To answer these questions, researchers compared data gleaned from experiments with those from micromagnetic computer simulations that replicate the process. The study was then able to illustrate the process by which sub-nanosecond spin-orbit torque pulses were able to create skyrmions at user-defined positions, which can be used in three-dimensional designs.

Scientists are now working on ways to determine how this phenomenon can used to encode magnetic patterns to store data. This process is similar with how hard disks operate; however, a shift to skyrmions will make storage possible without the need for mechanical parts. The size of the racetrack wires may also enable higher storage space, as these can be packed lightly without compromising space. (Related: 7 Ways to Passively Use Technology For Self-Improvement.)

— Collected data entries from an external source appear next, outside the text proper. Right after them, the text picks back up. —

(* Let $N>0$, $m>0$, $F>0$, $\alpha>0$, $w>0$ be fixed with $Nm>\alpha$, and for $g\geq 0$, $\tau\in(0,1)$, $L_g\geq 0$ define \[ L=\frac{N\left[(1-\tau)(mL_g+\alpha F)+(mg+F)mN\right]}{\alpha+(Nm-\alpha)\tau},\qquad q=\frac{(1-\tau)(L+L_g-\alpha g)}{\left(Nm+\alpha(1-\tau)\right)(L+L_g)}, \] \[ p=\frac{L+L_g}{L+L_g-\alpha g}\left(mw+\frac{\alpha(1-\tau)w}{N}\right),\qquad \Pi=\left((L+L_g)q+g\right)(p-mw)-Fw, \] regarded as functions of $(g,\tau,L_g)$, and let \[ \Lambda=(1-Nmq)\left(\frac{Nm}{1-\tau}+2\alpha\right)g-N(mg+F). \] Then at any point $(g,\tau,L_g)$: $\frac{\partial \Pi}{\partial L_g}<0$ if $L_g<\Lambda$; $\frac{\partial \Pi}{\partial L_g}=0$ if $L_g=\Lambda$; and $\frac{\partial \Pi}{\partial L_g}>0$ if $L_g>\Lambda$.
   Context: These are the symmetric-equilibrium private employment $L$, per-capita consumption $q$ of each variety, price $p$, and profit $\Pi$ of each firm in a monopolistic-competition general equilibrium model with a measure $N$ of firms, marginal and fixed labor inputs $m$ and $F$, CARA utility parameter $\alpha$, nominal wage $w$, income tax rate $\tau$, government purchase $g$ of each variety, and government employment $L_g$. Here $\Lambda$ is evaluated at the same point (with $q$ the equilibrium value there). Partial derivatives are taken in $(g,\tau,L_g)$ with other parameters fixed. *)

theory Defs
  imports Complex_Main
begin

definition empL :: "real \<Rightarrow> real \<Rightarrow> real \<Rightarrow> real \<Rightarrow> real \<Rightarrow> real \<Rightarrow> real \<Rightarrow> real" where
  "empL N m F \<alpha> g \<tau> Lg =
     N * ((1 - \<tau>) * (m * Lg + \<alpha> * F) + (m * g + F) * m * N) / (\<alpha> + (N * m - \<alpha>) * \<tau>)"

definition qty :: "real \<Rightarrow> real \<Rightarrow> real \<Rightarrow> real \<Rightarrow> real \<Rightarrow> real \<Rightarrow> real \<Rightarrow> real" where
  "qty N m F \<alpha> g \<tau> Lg =
     (let L = empL N m F \<alpha> g \<tau> Lg in
      (1 - \<tau>) * (L + Lg - \<alpha> * g) / ((N * m + \<alpha> * (1 - \<tau>)) * (L + Lg)))"

definition price :: "real \<Rightarrow> real \<Rightarrow> real \<Rightarrow> real \<Rightarrow> real \<Rightarrow> real \<Rightarrow> real \<Rightarrow> real \<Rightarrow> real" where
  "price N m F \<alpha> w g \<tau> Lg =
     (let L = empL N m F \<alpha> g \<tau> Lg in
      (L + Lg) / (L + Lg - \<alpha> * g) * (m * w + \<alpha> * (1 - \<tau>) * w / N))"

definition profit :: "real \<Rightarrow> real \<Rightarrow> real \<Rightarrow> real \<Rightarrow> real \<Rightarrow> real \<Rightarrow> real \<Rightarrow> real \<Rightarrow> real" where
  "profit N m F \<alpha> w g \<tau> Lg =
     (let L = empL N m F \<alpha> g \<tau> Lg in
      ((L + Lg) * qty N m F \<alpha> g \<tau> Lg + g) * (price N m F \<alpha> w g \<tau> Lg - m * w) - F * w)"

definition Lambda :: "real \<Rightarrow> real \<Rightarrow> real \<Rightarrow> real \<Rightarrow> real \<Rightarrow> real \<Rightarrow> real \<Rightarrow> real" where
  "Lambda N m F \<alpha> g \<tau> Lg =
     (1 - N * m * qty N m F \<alpha> g \<tau> Lg) * (N * m / (1 - \<tau>) + 2 * \<alpha>) * g - N * (m * g + F)"

end

theory Submission
  imports Defs
begin

text \<open>Write \<open>S = L + L\<^sub>g\<close> for total employment. It is affine in \<open>L\<^sub>g\<close> with positive
  slope \<open>K / (\<alpha> + (N m - \<alpha>) \<tau>)\<close>, where \<open>K = N m + \<alpha> (1 - \<tau>)\<close>, and in terms of \<open>S\<close> the
  profit collapses to \<open>w \<alpha> / (N K) \<cdot> ((1 - \<tau>) S + N m g)\<^sup>2 / (S - \<alpha> g) - F w\<close>. Its
  derivative in \<open>S\<close> has the sign of \<open>(1 - \<tau>) S - (N m + 2 \<alpha> (1 - \<tau>)) g\<close>. On the other
  hand \<open>1 - N m q = (L\<^sub>g + N (m g + F)) / S\<close>, which makes \<open>L\<^sub>g - \<Lambda>\<close> a positive multiple
  of the same factor.\<close>

lemma has_real_derivative_power2_divide_shift:
  fixes a b d s :: real
  assumes "s \<noteq> d"
  shows "((\<lambda>s. (a * s + b)\<^sup>2 / (s - d)) has_real_derivative
           (a * s + b) * (a * s - 2 * a * d - b) / (s - d)\<^sup>2) (at s)"
proof -
  have "((\<lambda>s. (a * s + b)\<^sup>2 / (s - d)) has_real_derivative
          (2 * (a * s + b) * a * (s - d) - (a * s + b)\<^sup>2) / (s - d)\<^sup>2) (at s)"
    using assms by (auto intro!: derivative_eq_intros simp: power2_eq_square)
  then show ?thesis
    by (simp add: power2_eq_square algebra_simps)
qed

lemma convex_combination_strictly_between:
  fixes a b t :: "'a::linordered_field"
  assumes "a < b" "0 < t" "t < 1"
  shows "a < a + (b - a) * t" "a + (b - a) * t < b"
proof -
  have "0 < (b - a) * t" "(b - a) * t < b - a"
    using assms by (simp_all add: mult_less_cancel_left_pos)
  then show "a < a + (b - a) * t" "a + (b - a) * t < b"
    by simp_all
qed

definition total_employment :: "real \<Rightarrow> real \<Rightarrow> real \<Rightarrow> real \<Rightarrow> real \<Rightarrow> real \<Rightarrow> real \<Rightarrow> real" where
  "total_employment N m F \<alpha> g \<tau> Lg = empL N m F \<alpha> g \<tau> Lg + Lg"

lemma total_employment_affine:
  assumes "\<alpha> + (N * m - \<alpha>) * \<tau> \<noteq> 0"
  shows "total_employment N m F \<alpha> g \<tau> x =
    ((N * m + \<alpha> * (1 - \<tau>)) * x + N * (1 - \<tau>) * \<alpha> * F + N * m * (N * (m * g + F)))
      / (\<alpha> + (N * m - \<alpha>) * \<tau>)"
  using assms unfolding total_employment_def empL_def by (simp add: field_simps)

lemma has_real_derivative_total_employment:
  assumes "\<alpha> + (N * m - \<alpha>) * \<tau> \<noteq> 0"
  shows "(total_employment N m F \<alpha> g \<tau> has_real_derivative
           (N * m + \<alpha> * (1 - \<tau>)) / (\<alpha> + (N * m - \<alpha>) * \<tau>)) (at x)"
  unfolding total_employment_affine[OF assms, abs_def]
  using assms by (auto intro!: derivative_eq_intros)

lemma profit_eq_total_employment:
  fixes N m F \<alpha> w g \<tau> Lg :: real
  defines "S \<equiv> total_employment N m F \<alpha> g \<tau> Lg"
  assumes "N \<noteq> 0" "N * m + \<alpha> * (1 - \<tau>) \<noteq> 0" "S \<noteq> 0" "S \<noteq> \<alpha> * g"
  shows "profit N m F \<alpha> w g \<tau> Lg =
    w * \<alpha> / (N * (N * m + \<alpha> * (1 - \<tau>))) * ((1 - \<tau>) * S + N * m * g)\<^sup>2 / (S - \<alpha> * g) - F * w"
proof -
  define K where "K = N * m + \<alpha> * (1 - \<tau>)"
  have "qty N m F \<alpha> g \<tau> Lg = (1 - \<tau>) * (S - \<alpha> * g) / (K * S)"
    unfolding qty_def Let_def S_def total_employment_def K_def by simp
  then have "S * qty N m F \<alpha> g \<tau> Lg = (1 - \<tau>) * (S - \<alpha> * g) / K"
    using assms(4) by simp
  then have sales: "S * qty N m F \<alpha> g \<tau> Lg + g = ((1 - \<tau>) * S + N * m * g) / K"
    using assms(3) unfolding K_def by (simp add: field_simps)
  have "price N m F \<alpha> w g \<tau> Lg = S / (S - \<alpha> * g) * (m * w + \<alpha> * (1 - \<tau>) * w / N)"
    unfolding price_def Let_def S_def total_employment_def by simp
  then have markup: "price N m F \<alpha> w g \<tau> Lg - m * w
      = w * \<alpha> * ((1 - \<tau>) * S + N * m * g) / (N * (S - \<alpha> * g))"
    using assms(2-5) by (simp add: field_simps)
  show ?thesis
    unfolding profit_def Let_def total_employment_def[symmetric] S_def[symmetric] sales markup
    using assms(2-5) unfolding K_def by (simp add: field_simps power2_eq_square)
qed

lemma one_minus_qty:
  fixes N m F \<alpha> g \<tau> Lg :: real
  defines "S \<equiv> total_employment N m F \<alpha> g \<tau> Lg"
  assumes "\<alpha> + (N * m - \<alpha>) * \<tau> \<noteq> 0" "N * m + \<alpha> * (1 - \<tau>) \<noteq> 0" "S \<noteq> 0"
  shows "1 - N * m * qty N m F \<alpha> g \<tau> Lg = (Lg + N * (m * g + F)) / S"
proof -
  define K where "K = N * m + \<alpha> * (1 - \<tau>)"
  have S_den: "S * (\<alpha> + (N * m - \<alpha>) * \<tau>) = K * Lg + N * (1 - \<tau>) * \<alpha> * F + N * m * (N * (m * g + F))"
    unfolding S_def total_employment_affine[OF assms(2)] K_def using assms(2) by simp
  have qty_eq: "qty N m F \<alpha> g \<tau> Lg = (1 - \<tau>) * (S - \<alpha> * g) / (K * S)"
    unfolding qty_def Let_def S_def total_employment_def K_def by simp
  have "K \<noteq> 0"
    using assms(3) unfolding K_def .
  then have "1 - N * m * qty N m F \<alpha> g \<tau> Lg = (K * S - N * m * (1 - \<tau>) * (S - \<alpha> * g)) / (K * S)"
    unfolding qty_eq using assms(4) by (simp add: field_simps)
  also have "K * S - N * m * (1 - \<tau>) * (S - \<alpha> * g) = K * (Lg + N * (m * g + F))"
    using S_den unfolding K_def by (simp add: algebra_simps)
  finally show ?thesis
    using assms(3,4) unfolding K_def by simp
qed

lemma Lg_minus_Lambda:
  fixes N m F \<alpha> g \<tau> Lg :: real
  defines "S \<equiv> total_employment N m F \<alpha> g \<tau> Lg"
  assumes "\<alpha> + (N * m - \<alpha>) * \<tau> \<noteq> 0" "N * m + \<alpha> * (1 - \<tau>) \<noteq> 0" "S \<noteq> 0" "\<tau> \<noteq> 1"
  shows "Lg - Lambda N m F \<alpha> g \<tau> Lg =
    (Lg + N * (m * g + F)) * ((1 - \<tau>) * S - (N * m + 2 * \<alpha> * (1 - \<tau>)) * g) / ((1 - \<tau>) * S)"
  unfolding Lambda_def one_minus_qty[OF assms(2,3) assms(4)[unfolded S_def]] S_def[symmetric]
  using assms(4,5) by (simp add: field_simps)

lemma has_real_derivative_profit:
  fixes N m F \<alpha> w g \<tau> Lg :: real
  defines "S \<equiv> total_employment N m F \<alpha> g \<tau> Lg"
  assumes N: "N \<noteq> 0" and K: "N * m + \<alpha> * (1 - \<tau>) \<noteq> 0" and den: "\<alpha> + (N * m - \<alpha>) * \<tau> \<noteq> 0"
    and nonneg: "0 \<le> \<alpha> * g" and S: "\<alpha> * g < S"
  shows "(profit N m F \<alpha> w g \<tau> has_real_derivative
    w * \<alpha> / (N * (\<alpha> + (N * m - \<alpha>) * \<tau>)) * ((1 - \<tau>) * S + N * m * g)
      * ((1 - \<tau>) * S - (N * m + 2 * \<alpha> * (1 - \<tau>)) * g) / (S - \<alpha> * g)\<^sup>2) (at Lg)"
proof -
  define T where "T = total_employment N m F \<alpha> g \<tau>"
  define c where "c = w * \<alpha> / (N * (N * m + \<alpha> * (1 - \<tau>)))"
  define h where "h s = ((1 - \<tau>) * s + N * m * g)\<^sup>2 / (s - \<alpha> * g)" for s
  have T': "(T has_real_derivative (N * m + \<alpha> * (1 - \<tau>)) / (\<alpha> + (N * m - \<alpha>) * \<tau>)) (at x)" for x
    unfolding T_def using den by (rule has_real_derivative_total_employment)
  have h': "(h has_real_derivative ((1 - \<tau>) * S + N * m * g)
      * ((1 - \<tau>) * S - (N * m + 2 * \<alpha> * (1 - \<tau>)) * g) / (S - \<alpha> * g)\<^sup>2) (at (T Lg))"
    using has_real_derivative_power2_divide_shift[of S "\<alpha> * g" "1 - \<tau>" "N * m * g"] S
    unfolding h_def T_def S_def[symmetric] by (simp add: algebra_simps)
  define D where "D = ((1 - \<tau>) * S + N * m * g)
      * ((1 - \<tau>) * S - (N * m + 2 * \<alpha> * (1 - \<tau>)) * g) / (S - \<alpha> * g)\<^sup>2"
  have "((\<lambda>x. c * h (T x) - F * w) has_real_derivative
      c * (D * ((N * m + \<alpha> * (1 - \<tau>)) / (\<alpha> + (N * m - \<alpha>) * \<tau>))) - 0) (at Lg)"
    unfolding D_def by (intro DERIV_diff DERIV_cmult DERIV_chain2[OF h' T'] DERIV_const)
  moreover have "open {x. \<alpha> * g < T x}"
    using T' by (intro open_Collect_less continuous_intros continuous_at_imp_continuous_on) (blast intro: DERIV_isCont)
  moreover have "Lg \<in> {x. \<alpha> * g < T x}"
    using S unfolding S_def T_def by simp
  moreover have "c * h (T x) - F * w = profit N m F \<alpha> w g \<tau> x" if "x \<in> {x. \<alpha> * g < T x}" for x
    using profit_eq_total_employment[OF N K] that nonneg unfolding c_def h_def T_def by simp
  ultimately have "(profit N m F \<alpha> w g \<tau> has_real_derivative
      c * (D * ((N * m + \<alpha> * (1 - \<tau>)) / (\<alpha> + (N * m - \<alpha>) * \<tau>))) - 0) (at Lg)"
    by (rule has_field_derivative_transform_within_open)
  moreover have "c * (D * ((N * m + \<alpha> * (1 - \<tau>)) / (\<alpha> + (N * m - \<alpha>) * \<tau>))) - 0
      = w * \<alpha> / (N * (\<alpha> + (N * m - \<alpha>) * \<tau>)) * ((1 - \<tau>) * S + N * m * g)
        * ((1 - \<tau>) * S - (N * m + 2 * \<alpha> * (1 - \<tau>)) * g) / (S - \<alpha> * g)\<^sup>2"
    using K unfolding c_def D_def by (simp add: ac_simps)
  ultimately show ?thesis
    by simp
qed

lemma total_employment_gt:
  fixes N m F \<alpha> g \<tau> Lg :: real
  assumes "0 < N" "0 < m" "0 < F" "0 < \<alpha>" "\<alpha> < N * m"
    and "0 \<le> g" "0 < \<tau>" "\<tau> < 1" "0 \<le> Lg"
  shows "\<alpha> * g < total_employment N m F \<alpha> g \<tau> Lg"
proof -
  define den where "den = \<alpha> + (N * m - \<alpha>) * \<tau>"
  have den: "0 < den" "den < N * m"
    using convex_combination_strictly_between[of \<alpha> "N * m" \<tau>] assms unfolding den_def
    by (auto intro: less_trans[of 0 \<alpha>])
  have "\<alpha> * g * den \<le> N * m * g * (N * m)"
    using assms den by (intro mult_mono) auto
  also have "\<dots> < N * ((m * g + F) * m * N)"
    using assms by (simp add: algebra_simps)
  also have "\<dots> \<le> N * ((1 - \<tau>) * (m * Lg + \<alpha> * F) + (m * g + F) * m * N)"
    using assms by simp
  finally have "\<alpha> * g < empL N m F \<alpha> g \<tau> Lg"
    using den unfolding empL_def den_def[symmetric] by (simp add: field_simps)
  then show ?thesis
    using assms unfolding total_employment_def by simp
qed

theorem theorem5:
  fixes N m F \<alpha> w g \<tau> Lg :: real
  assumes "N > 0" "m > 0" "F > 0" "\<alpha> > 0" "w > 0" "N * m > \<alpha>"
    and "g \<ge> 0" "0 < \<tau>" "\<tau> < 1" "Lg \<ge> 0"
  shows "\<exists>D. ((\<lambda>x. profit N m F \<alpha> w g \<tau> x) has_real_derivative D) (at Lg) \<and>
             (Lg < Lambda N m F \<alpha> g \<tau> Lg \<longrightarrow> D < 0) \<and>
             (Lg = Lambda N m F \<alpha> g \<tau> Lg \<longrightarrow> D = 0) \<and>
             (Lg > Lambda N m F \<alpha> g \<tau> Lg \<longrightarrow> D > 0)"
proof -
  define S where "S = total_employment N m F \<alpha> g \<tau> Lg"
  define Z where "Z = (1 - \<tau>) * S - (N * m + 2 * \<alpha> * (1 - \<tau>)) * g"
  define den where "den = \<alpha> + (N * m - \<alpha>) * \<tau>"
  have den: "0 < den"
    using assms unfolding den_def by (simp add: add_pos_pos)
  have K: "0 < N * m + \<alpha> * (1 - \<tau>)"
    using assms by (simp add: add_pos_pos)
  have S: "\<alpha> * g < S" "0 < S"
    using total_employment_gt[of N m F \<alpha> g \<tau> Lg] assms unfolding S_def
    by (auto intro: le_less_trans[of 0 "\<alpha> * g"])
  have X: "0 < Lg + N * (m * g + F)"
    using assms by (simp add: add_nonneg_pos add_nonneg_nonneg)
  define P where "P = w * \<alpha> / (N * den) * ((1 - \<tau>) * S + N * m * g) / (S - \<alpha> * g)\<^sup>2"
  have deriv: "(profit N m F \<alpha> w g \<tau> has_real_derivative P * Z) (at Lg)"
    using has_real_derivative_profit[of N m \<alpha> \<tau> g F Lg w] assms K den S
    unfolding P_def Z_def S_def den_def by (simp add: ac_simps)
  have "sgn (P * Z) = sgn Z"
    using assms den S unfolding P_def by (simp add: sgn_mult add_pos_nonneg)
  moreover have "sgn (Lg - Lambda N m F \<alpha> g \<tau> Lg) = sgn Z"
    using Lg_minus_Lambda[of \<alpha> N m \<tau> F g Lg] assms K den S X
    unfolding Z_def S_def den_def by (simp add: sgn_mult add_pos_nonneg)
  ultimately have "sgn (P * Z) = sgn (Lg - Lambda N m F \<alpha> g \<tau> Lg)"
    by simp
  then show ?thesis
    using deriv sgn_less[of "P * Z"] sgn_greater[of "P * Z"] sgn_0_0[of "P * Z"]
    by (intro exI[of _ "P * Z"]) auto
qed

end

The study is titled "Field-free deterministic ultrafast creation of magnetic skyrmions by spin–orbit torques". Aside from Dr. Büttner, other authors include Ivan Lemesh, Michael Schneider, Bastian Pfau, Christian M. Günther, Piet Hessing, Jan Geilhufe, Lucas Caretta, Dieter Engel, Benjamin Krüger, Jens Viefhaus, Stefan Eisebitt and Geoffrey S. D. Beach. It was supported by the Department of Energy and funded by the German Science Foundation.